* **EXERCISE DETAILS**:
Transcribe the records below. Leave every word as it is.

* **RECORDS SHOWN**:
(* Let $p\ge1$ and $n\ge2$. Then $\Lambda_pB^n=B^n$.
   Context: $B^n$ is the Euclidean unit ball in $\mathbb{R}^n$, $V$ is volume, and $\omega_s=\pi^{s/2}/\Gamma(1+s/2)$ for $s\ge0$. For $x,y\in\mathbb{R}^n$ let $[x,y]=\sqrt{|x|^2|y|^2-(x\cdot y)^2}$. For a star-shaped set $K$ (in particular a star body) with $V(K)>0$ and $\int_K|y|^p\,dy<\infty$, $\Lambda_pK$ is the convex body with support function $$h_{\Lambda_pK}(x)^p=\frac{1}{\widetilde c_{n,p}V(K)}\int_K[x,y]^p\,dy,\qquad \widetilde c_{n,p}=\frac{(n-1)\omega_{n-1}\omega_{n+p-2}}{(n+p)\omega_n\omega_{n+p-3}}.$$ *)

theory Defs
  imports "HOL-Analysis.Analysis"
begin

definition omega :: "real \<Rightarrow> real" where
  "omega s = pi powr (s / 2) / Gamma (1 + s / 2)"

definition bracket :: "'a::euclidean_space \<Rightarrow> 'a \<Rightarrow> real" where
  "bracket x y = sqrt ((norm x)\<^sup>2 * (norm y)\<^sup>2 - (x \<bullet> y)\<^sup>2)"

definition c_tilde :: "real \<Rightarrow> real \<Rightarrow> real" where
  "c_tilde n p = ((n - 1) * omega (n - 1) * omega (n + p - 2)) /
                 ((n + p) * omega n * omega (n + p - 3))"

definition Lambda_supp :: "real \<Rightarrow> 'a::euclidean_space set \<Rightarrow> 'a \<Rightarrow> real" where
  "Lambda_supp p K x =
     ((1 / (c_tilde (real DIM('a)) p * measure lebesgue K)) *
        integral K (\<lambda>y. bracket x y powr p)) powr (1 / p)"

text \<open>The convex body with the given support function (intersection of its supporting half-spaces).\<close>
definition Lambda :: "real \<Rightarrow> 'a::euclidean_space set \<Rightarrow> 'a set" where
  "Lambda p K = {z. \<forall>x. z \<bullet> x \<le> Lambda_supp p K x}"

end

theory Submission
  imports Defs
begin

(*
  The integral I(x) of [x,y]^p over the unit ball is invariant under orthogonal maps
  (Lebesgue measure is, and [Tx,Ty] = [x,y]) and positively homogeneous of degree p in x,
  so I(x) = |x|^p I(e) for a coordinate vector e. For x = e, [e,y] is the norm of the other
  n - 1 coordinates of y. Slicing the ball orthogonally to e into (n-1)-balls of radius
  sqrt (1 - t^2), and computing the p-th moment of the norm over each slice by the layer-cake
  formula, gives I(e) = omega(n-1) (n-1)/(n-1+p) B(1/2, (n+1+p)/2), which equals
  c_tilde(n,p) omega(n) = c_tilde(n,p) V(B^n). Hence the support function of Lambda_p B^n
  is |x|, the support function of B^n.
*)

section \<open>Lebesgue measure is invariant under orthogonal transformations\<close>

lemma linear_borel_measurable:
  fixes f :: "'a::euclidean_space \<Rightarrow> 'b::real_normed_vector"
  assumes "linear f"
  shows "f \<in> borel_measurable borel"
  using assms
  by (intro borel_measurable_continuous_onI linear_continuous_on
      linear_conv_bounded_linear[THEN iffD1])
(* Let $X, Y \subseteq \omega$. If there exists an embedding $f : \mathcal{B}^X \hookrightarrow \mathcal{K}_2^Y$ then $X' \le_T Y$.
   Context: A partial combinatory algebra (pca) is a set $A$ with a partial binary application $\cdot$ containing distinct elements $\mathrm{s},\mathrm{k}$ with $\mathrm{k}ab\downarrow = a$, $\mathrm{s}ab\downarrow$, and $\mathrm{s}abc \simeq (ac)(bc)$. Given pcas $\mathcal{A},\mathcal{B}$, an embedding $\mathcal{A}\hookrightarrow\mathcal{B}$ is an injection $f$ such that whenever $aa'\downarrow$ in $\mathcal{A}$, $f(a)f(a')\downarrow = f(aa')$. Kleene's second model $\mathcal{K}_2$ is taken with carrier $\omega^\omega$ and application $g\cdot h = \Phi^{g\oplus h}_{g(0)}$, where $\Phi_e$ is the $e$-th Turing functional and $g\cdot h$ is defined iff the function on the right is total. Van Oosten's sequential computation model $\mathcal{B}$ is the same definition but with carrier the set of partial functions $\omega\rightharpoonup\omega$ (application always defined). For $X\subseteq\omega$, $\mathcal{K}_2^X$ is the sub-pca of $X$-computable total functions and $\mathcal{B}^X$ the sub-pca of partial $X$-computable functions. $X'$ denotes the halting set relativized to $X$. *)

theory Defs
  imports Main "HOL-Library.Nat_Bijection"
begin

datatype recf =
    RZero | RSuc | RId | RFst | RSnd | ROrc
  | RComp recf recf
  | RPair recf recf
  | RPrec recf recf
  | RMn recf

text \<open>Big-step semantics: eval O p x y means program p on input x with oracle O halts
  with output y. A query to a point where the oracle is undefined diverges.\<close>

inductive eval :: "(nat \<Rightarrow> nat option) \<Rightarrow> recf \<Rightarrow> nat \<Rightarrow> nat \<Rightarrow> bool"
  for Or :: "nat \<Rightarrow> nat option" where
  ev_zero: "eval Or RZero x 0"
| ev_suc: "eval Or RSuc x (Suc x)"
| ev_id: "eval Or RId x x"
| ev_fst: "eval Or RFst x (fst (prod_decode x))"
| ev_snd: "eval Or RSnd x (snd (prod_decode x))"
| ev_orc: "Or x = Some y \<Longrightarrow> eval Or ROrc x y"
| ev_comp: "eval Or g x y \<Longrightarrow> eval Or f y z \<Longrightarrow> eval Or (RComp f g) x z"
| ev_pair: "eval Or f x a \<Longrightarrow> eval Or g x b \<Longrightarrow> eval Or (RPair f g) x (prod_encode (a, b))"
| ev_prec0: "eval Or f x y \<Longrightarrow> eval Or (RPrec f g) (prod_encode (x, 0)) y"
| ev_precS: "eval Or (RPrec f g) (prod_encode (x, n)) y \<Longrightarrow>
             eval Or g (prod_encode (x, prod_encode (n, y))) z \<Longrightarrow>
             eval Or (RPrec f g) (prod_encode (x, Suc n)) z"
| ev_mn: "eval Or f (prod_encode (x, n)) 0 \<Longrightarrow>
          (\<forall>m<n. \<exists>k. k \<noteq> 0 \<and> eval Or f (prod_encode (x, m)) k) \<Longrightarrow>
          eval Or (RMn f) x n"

* **SOLUTION FOR THIS TASK**:
(* Let $p\ge1$ and $n\ge2$. Then $\Lambda_pB^n=B^n$.
   Context: $B^n$ is the Euclidean unit ball in $\mathbb{R}^n$, $V$ is volume, and $\omega_s=\pi^{s/2}/\Gamma(1+s/2)$ for $s\ge0$. For $x,y\in\mathbb{R}^n$ let $[x,y]=\sqrt{|x|^2|y|^2-(x\cdot y)^2}$. For a star-shaped set $K$ (in particular a star body) with $V(K)>0$ and $\int_K|y|^p\,dy<\infty$, $\Lambda_pK$ is the convex body with support function $$h_{\Lambda_pK}(x)^p=\frac{1}{\widetilde c_{n,p}V(K)}\int_K[x,y]^p\,dy,\qquad \widetilde c_{n,p}=\frac{(n-1)\omega_{n-1}\omega_{n+p-2}}{(n+p)\omega_n\omega_{n+p-3}}.$$ *)

theory Defs
  imports "HOL-Analysis.Analysis"
begin

definition omega :: "real \<Rightarrow> real" where
  "omega s = pi powr (s / 2) / Gamma (1 + s / 2)"

definition bracket :: "'a::euclidean_space \<Rightarrow> 'a \<Rightarrow> real" where
  "bracket x y = sqrt ((norm x)\<^sup>2 * (norm y)\<^sup>2 - (x \<bullet> y)\<^sup>2)"

definition c_tilde :: "real \<Rightarrow> real \<Rightarrow> real" where
  "c_tilde n p = ((n - 1) * omega (n - 1) * omega (n + p - 2)) /
                 ((n + p) * omega n * omega (n + p - 3))"

definition Lambda_supp :: "real \<Rightarrow> 'a::euclidean_space set \<Rightarrow> 'a \<Rightarrow> real" where
  "Lambda_supp p K x =
     ((1 / (c_tilde (real DIM('a)) p * measure lebesgue K)) *
        integral K (\<lambda>y. bracket x y powr p)) powr (1 / p)"

text \<open>The convex body with the given support function (intersection of its supporting half-spaces).\<close>
definition Lambda :: "real \<Rightarrow> 'a::euclidean_space set \<Rightarrow> 'a set" where
  "Lambda p K = {z. \<forall>x. z \<bullet> x \<le> Lambda_supp p K x}"

end

theory Submission
  imports Defs
begin

(*
  The integral I(x) of [x,y]^p over the unit ball is invariant under orthogonal maps
  (Lebesgue measure is, and [Tx,Ty] = [x,y]) and positively homogeneous of degree p in x,
  so I(x) = |x|^p I(e) for a coordinate vector e. For x = e, [e,y] is the norm of the other
  n - 1 coordinates of y. Slicing the ball orthogonally to e into (n-1)-balls of radius
  sqrt (1 - t^2), and computing the p-th moment of the norm over each slice by the layer-cake
  formula, gives I(e) = omega(n-1) (n-1)/(n-1+p) B(1/2, (n+1+p)/2), which equals
  c_tilde(n,p) omega(n) = c_tilde(n,p) V(B^n). Hence the support function of Lambda_p B^n
  is |x|, the support function of B^n.
*)

section \<open>Lebesgue measure is invariant under orthogonal transformations\<close>

lemma linear_borel_measurable:
  fixes f :: "'a::euclidean_space \<Rightarrow> 'b::real_normed_vector"
  assumes "linear f"
  shows "f \<in> borel_measurable borel"
  using assms
  by (intro borel_measurable_continuous_onI linear_continuous_on
      linear_conv_bounded_linear[THEN iffD1])
(* Let $X, Y \subseteq \omega$. If there exists an embedding $f : \mathcal{B}^X \hookrightarrow \mathcal{K}_2^Y$ then $X' \le_T Y$.
   Context: A partial combinatory algebra (pca) is a set $A$ with a partial binary application $\cdot$ containing distinct elements $\mathrm{s},\mathrm{k}$ with $\mathrm{k}ab\downarrow = a$, $\mathrm{s}ab\downarrow$, and $\mathrm{s}abc \simeq (ac)(bc)$. Given pcas $\mathcal{A},\mathcal{B}$, an embedding $\mathcal{A}\hookrightarrow\mathcal{B}$ is an injection $f$ such that whenever $aa'\downarrow$ in $\mathcal{A}$, $f(a)f(a')\downarrow = f(aa')$. Kleene's second model $\mathcal{K}_2$ is taken with carrier $\omega^\omega$ and application $g\cdot h = \Phi^{g\oplus h}_{g(0)}$, where $\Phi_e$ is the $e$-th Turing functional and $g\cdot h$ is defined iff the function on the right is total. Van Oosten's sequential computation model $\mathcal{B}$ is the same definition but with carrier the set of partial functions $\omega\rightharpoonup\omega$ (application always defined). For $X\subseteq\omega$, $\mathcal{K}_2^X$ is the sub-pca of $X$-computable total functions and $\mathcal{B}^X$ the sub-pca of partial $X$-computable functions. $X'$ denotes the halting set relativized to $X$. *)

theory Defs
  imports Main "HOL-Library.Nat_Bijection"
begin

datatype recf =
    RZero | RSuc | RId | RFst | RSnd | ROrc
  | RComp recf recf
  | RPair recf recf
  | RPrec recf recf
  | RMn recf

text \<open>Big-step semantics: eval O p x y means program p on input x with oracle O halts
  with output y. A query to a point where the oracle is undefined diverges.\<close>

inductive eval :: "(nat \<Rightarrow> nat option) \<Rightarrow> recf \<Rightarrow> nat \<Rightarrow> nat \<Rightarrow> bool"
  for Or :: "nat \<Rightarrow> nat option" where
  ev_zero: "eval Or RZero x 0"
| ev_suc: "eval Or RSuc x (Suc x)"
| ev_id: "eval Or RId x x"
| ev_fst: "eval Or RFst x (fst (prod_decode x))"
| ev_snd: "eval Or RSnd x (snd (prod_decode x))"
| ev_orc: "Or x = Some y \<Longrightarrow> eval Or ROrc x y"
| ev_comp: "eval Or g x y \<Longrightarrow> eval Or f y z \<Longrightarrow> eval Or (RComp f g) x z"
| ev_pair: "eval Or f x a \<Longrightarrow> eval Or g x b \<Longrightarrow> eval Or (RPair f g) x (prod_encode (a, b))"
| ev_prec0: "eval Or f x y \<Longrightarrow> eval Or (RPrec f g) (prod_encode (x, 0)) y"
| ev_precS: "eval Or (RPrec f g) (prod_encode (x, n)) y \<Longrightarrow>
             eval Or g (prod_encode (x, prod_encode (n, y))) z \<Longrightarrow>
             eval Or (RPrec f g) (prod_encode (x, Suc n)) z"
| ev_mn: "eval Or f (prod_encode (x, n)) 0 \<Longrightarrow>
          (\<forall>m<n. \<exists>k. k \<noteq> 0 \<and> eval Or f (prod_encode (x, m)) k) \<Longrightarrow>
          eval Or (RMn f) x n"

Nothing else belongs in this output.